Humm, so that would explain everything then. I feel a little more at ease now. I have downloaded Afterburner and the temps are 35-47C. It's remained there for about an hour of play now. This thing is cool as ice apparently...
Strangely I still get stuttering here and there though.
If you need any more information on my rig and what you could possibly tell me about it I use a rig by MSI themselves; their Aegis model. I've look around the best that I can but maybe there's something you guys know that I might have missed.
Many thanks to all, it's well appreciated.
What is your monitor model? Resolution? Refresh rate?
Do you have V-SYNC enabled?
Not using Nvidia DSR (Dynamic Super Resolution) or Windows Resolution Scaling?
GTX 1070 should be ideal for 1440p resolution and not stutter at all even on very high settings.
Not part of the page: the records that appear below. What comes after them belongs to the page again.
lemma mixed_rate_strict_mono_left:
  assumes "0 < p" "p < p'" "0 < q" "g.rate a < \<infinity>"
  shows "mixed_rate p q < mixed_rate p' q"
proof -
  define K where "K = mixed_rate p q"
  obtain c where c: "K < ereal c" "ereal c < ereal q * g.rate a"
    using mixed_rate_less[of p q] assms ereal_dense2 unfolding K_def by blast
  obtain \<kappa> where \<kappa>: "K = ereal \<kappa>"
    using c(1) mixed_rate_nonneg[of p q] assms unfolding K_def[symmetric] by (cases K) auto
  have "ereal (c / q) < g.rate a"
    using c(2) assms(3,4) g.rate_nonneg[of a] by (cases "g.rate a") (auto simp: field_simps)
  then obtain \<delta> where "0 < \<delta>" and near: "\<And>y. dist y a < \<delta> \<Longrightarrow> ereal (c / q) < g.rate y"
    using legendre_lower_semicontinuous unfolding eventually_nhds_metric by blast
  obtain \<eta> where "0 < \<eta>" and far: "\<And>y. \<delta> \<le> \<bar>y - a\<bar> \<Longrightarrow> ereal \<eta> \<le> f.rate y"
    using f.rate_bounded_away_from_mean[OF \<open>0 < \<delta>\<close>] by blast
  \<comment> \<open>Near \<open>a\<close> the second rate alone exceeds \<open>c > K\<close>; away from \<open>a\<close> the first rate is at
    least \<open>\<eta>\<close>, so raising its weight adds at least \<open>(p' - p) * \<eta>\<close>.\<close>
  have bound: "min (ereal c) (K + ereal ((p' - p) * \<eta>)) \<le> ereal p' * f.rate x + ereal q * g.rate x"
    for x
  proof (cases "dist x a < \<delta>")
    case True
    have "ereal c = ereal q * ereal (c / q)"
      using assms by simp
    also have "\<dots> \<le> ereal q * g.rate x"
      using near[OF True] assms by (intro ereal_mult_left_mono) auto
    also have "\<dots> \<le> ereal p' * f.rate x + ereal q * g.rate x"
      using f.rate_nonneg[of x] assms by (intro add_increasing ereal_0_le_mult) auto
    finally show ?thesis
      by (rule min.coboundedI1)
  next
    case False
    then have "ereal \<eta> \<le> f.rate x"
      by (intro far) (simp add: dist_real_def)
    have "K + ereal ((p' - p) * \<eta>) \<le> (ereal p * f.rate x + ereal q * g.rate x) + ereal ((p' - p) * \<eta>)"
      unfolding K_def by (intro add_right_mono mixed_rate_le)
    also have "\<dots> \<le> ereal p' * f.rate x + ereal q * g.rate x"
      using \<open>ereal \<eta> \<le> f.rate x\<close> assms by (intro weighted_rates_increase) auto
    finally show ?thesis
      by (rule min.coboundedI2)
  qed
  have "K < min (ereal c) (K + ereal ((p' - p) * \<eta>))"
    using c(1) \<kappa> assms \<open>0 < \<eta>\<close> by simp
  also have "\<dots> \<le> mixed_rate p' q"
    unfolding mixed_rate_def by (rule INF_greatest) (rule bound)
  finally show ?thesis
    unfolding K_def .
qed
If you are using "GeForce Experience" with the graphics card, add the steam folder and other game folders, then apply optimal settings to each game, but ensure the resolution is native rather than DSR (higher resolution which then gets down sampled to the monitor).
You can get the latest drivers from:
http://www.geforce.com/drivers
AOC 2269W apparently from what Device Manager says.
Native resolution is 1920 x 1080 (it says it's recommended to be at that setting so I figure it'd be it) Refresh rate is 60 Ghz
V-Sync is on yes.
Not sure how I access those settings to be honest, I'm in Nvidia Control panel but don't see those options anywhere. To be honest, I've been a Radeon guy, just recently switched over To Nividia once I got this new rig so I'm very new with these kinds of cards.
You can also use Afterburner's in built monitoring for GPU stats such as temps, fan RPM, FPS, frame-time, etc. Once you figure out what temps your card hovers at, then it can be rather easy to adjust your fan profile appropriately.
You can also have the stats displayed in-game, makes monitoring real easy. Although, recent Afterburner executables don't come bundled with MSI RivaTuner, which is needed for in-game overlay. You can download it here -- http://www.guru3d.com/files-details/rtss-rivatuner-statistics-server-download.html
Setting it up is rather easy, and you can turn it on/off with a key-combination. Its a nice monitoring overlay.